Тютчев первый открыл прямой путь от переживания к символу, от мира индивидуума к объективному и реальному миру. В символизме Тютчева впервые открывается тождество личности и сокровенной res. Маска индивидуализма сброшена с лица настойчивого мироиспытателя. Правда, в творчестве Тютчева раскрывается сокровенный мир не в его строе и ладе, а в его хаосе, но самый хаос поет и звучит как бы в предчувствии своего преображения.
После Тютчева предстала задача найти новую систему символов для построения моста через иную бездну. Разрешение этой задачи выпало на долю немногих избранных. К числу этих избранных принадлежал Фет.
Поэт уже постиг, что «прозрачна огней бесконечность» и «доступна вся бездна эфира».
Фет уже постигал мир в его гармонии: поэт воздвиг живой алтарь на огненных розах и не уставал молиться Солнцу Мира. Но реализм не преобладал однако в творчестве Фета, и нередко лирик возводил в «перл созданья» свою субъективную идеалистическую мечту.
Индивидуализм Лермонтова и символизм Тютчева, Фета и Владимира Соловьева проложили дорогу новым кладоискателям в стране чистой лирики. Герольд любви и солнца Бальмонт, задумчивый и суеверный Иван Коневской, Александр Добролюбов, сумевший пожертвовать собою, и, наконец, одинокий, многодумный и загадочный Федор Сологуб – вот поэты, лелеявшие, в течение последних лет думу, любовь и печаль русского человека.
От романтического индивидуализма Лермонтова до декадентского индивидуализма Федора Сологуба – сколько здесь шатких ступеней, сколько переживаний, опасных и мудрых! И какая преемственность. Как явно развитие основной лирической темы любви и смерти. Строгая, едва ли не математическая точность. И это понятно: если строится великое здание, как надо измерять и рассчитывать, чтобы не погубить плана единого Архитектора! И вот декадент, который, казалось бы, безнадежно одинок, является в общем плане необходимым звеном, последним камнем на высшей точке храма.
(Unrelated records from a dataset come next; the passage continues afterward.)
definition differentiable_tfield_at :: "tfield \<Rightarrow> pt \<Rightarrow> bool" where
  "differentiable_tfield_at T x \<longleftrightarrow> (\<forall>i j. (\<lambda>y. T y$i$j) differentiable at x)"

lemma smooth_vfield_on_differentiable:
  "smooth_vfield_on Y U \<Longrightarrow> open U \<Longrightarrow> x \<in> U \<Longrightarrow> differentiable_vfield_at Y x"
  unfolding smooth_vfield_on_def differentiable_vfield_at_def
  using smooth_fun_on_differentiable by blast

lemma smooth_tfield_on_differentiable:
  "smooth_tfield_on T U \<Longrightarrow> open U \<Longrightarrow> x \<in> U \<Longrightarrow> differentiable_tfield_at T x"
  unfolding smooth_tfield_on_def differentiable_tfield_at_def
  using smooth_fun_on_differentiable by blast

definition bform :: "real^2^2 \<Rightarrow> real^2 \<Rightarrow> real^2 \<Rightarrow> real" where
  "bform T u v = (\<Sum>i\<in>UNIV. \<Sum>j\<in>UNIV. T$i$j * u$i * v$j)"

lemma gdot_eq_bform: "gdot g x u v = bform (g x) u v"
  unfolding gdot_def bform_def ..

lemma bform_commute: "(\<And>i j. T$i$j = T$j$i) \<Longrightarrow> bform T u v = bform T v u"
  unfolding bform_def by (simp add: sum_2 algebra_simps)

lemma bform_zero [simp]: "bform T 0 v = 0" "bform T u 0 = 0"
  unfolding bform_def by simp_all

lemma bform_add_left: "bform T (u + w) v = bform T u v + bform T w v"
  unfolding bform_def by (simp add: sum_2 algebra_simps)

lemma bform_diff_left: "bform T (u - w) v = bform T u v - bform T w v"
  unfolding bform_def by (simp add: sum_2 algebra_simps)

lemma bform_diff_matrix: "bform (T - S) u v = bform T u v - bform S u v"
  unfolding bform_def by (simp add: sum_2 algebra_simps)

lemma bform_linear_left: "bform T (a *\<^sub>R u + b *\<^sub>R w) v = a * bform T u v + b * bform T w v"
  unfolding bform_def by (simp add: sum_2 algebra_simps)

lemma bform_linear_right: "bform T u (a *\<^sub>R v + b *\<^sub>R w) = a * bform T u v + b * bform T u w"
  unfolding bform_def by (simp add: sum_2 algebra_simps)

lemma bform_differentiable:
  assumes "differentiable_tfield_at T x" "differentiable_vfield_at Y x" "differentiable_vfield_at Z x"
  shows "(\<lambda>y. bform (T y) (Y y) (Z y)) differentiable at x"
  using assms unfolding bform_def differentiable_tfield_at_def differentiable_vfield_at_def by simp

definition vf_deriv :: "vfield \<Rightarrow> sfun \<Rightarrow> pt \<Rightarrow> real" where
  "vf_deriv X f x = (\<Sum>a\<in>UNIV. X x$a * pd a f x)"

definition lie_bracket :: "vfield \<Rightarrow> vfield \<Rightarrow> pt \<Rightarrow> real^2" where
  "lie_bracket X Y x =
     (\<chi> l. \<Sum>a\<in>UNIV. X x$a * pd a (\<lambda>y. Y y$l) x - Y x$a * pd a (\<lambda>y. X y$l) x)"

definition nabla :: "tfield \<Rightarrow> vfield \<Rightarrow> vfield \<Rightarrow> pt \<Rightarrow> real^2" where
  "nabla g X Y x =
     (\<chi> l. (\<Sum>a\<in>UNIV. X x$a * pd a (\<lambda>y. Y y$l) x) +
           (\<Sum>a\<in>UNIV. \<Sum>c\<in>UNIV. christoffel g x l a c * X x$a * Y x$c))"

lemma lie_bracket_self [simp]: "lie_bracket X X x = 0"
  unfolding lie_bracket_def by (simp add: vec_eq_iff)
В лирике Бальмонта темный и таинственный тютчевский пантеизм неожиданно загорается разнообразными огнями; расцветает целый мир созвучий; лирик спешит поделиться с нами своим богатством, но оно так велико, что подчас мастер не в силах овладеть своим даром; уже нельзя требовать от него безукоризненной чеканки стиха; семена поэзии дают ростки, едва коснувшись земли, и тотчас с первым порывом ветра летят прочь, «напоминая тропических бабочек или, быть может, превращаясь в них». Таковы махровые стихи Бальмонта, этого беззаветного и вечно юного лирика.
В творчестве Бальмонта лирика является обнаженной. Она не защищена доспехами раздумий, как у Баратынского, – мерцанием вечерних огней, как у Фета, – чарами глухонемых демонов, как у Тютчева, – магическим кругом, как у Федора Сологуба…
Бальмонт даже в несовершенных произведениях своих всегда остается лириком до конца, подобно тому, как Дон-Кихот всегда остается до конца рыцарем.
Бальмонт, подобно Дон-Кихоту, всегда готов погибнуть за дело любви и всегда беззащитен, как герой Ламанна.
«Горящие здания» открываются сонетом «Крик часового»: поэт на страже:
Но было бы непростительным легкомыслием всегда доверяться лирику. Правда, он хочет «кинжальных слов и предсмертных восклицаний», но слова и восклицания нередко так и остаются словами и восклицаниями.
Пантеизм, определявший собою лишь известный момент в мироотношении Тютчева, приобретает у Бальмонта особенное значение. Пантеистические настроения получают новое освещение.
Поэзия Бальмонта не эзотерична. И это вовсе не недостаток его поэзии: Бальмонт по существу не может быть эзотеричен и замкнут. Бальмонт – лирик для всех.
Бальмонт пришел в мир, чтобы видеть Солнце и быть как Солнце. Но он хочет быть со всеми и во всем.
И любовь Бальмонта всенародна. Он не ищет уединения. И даже о тайнах «зачарованного грота» он рассказывает в стихах своих подробно, как будто бы приглашая всех изведать их.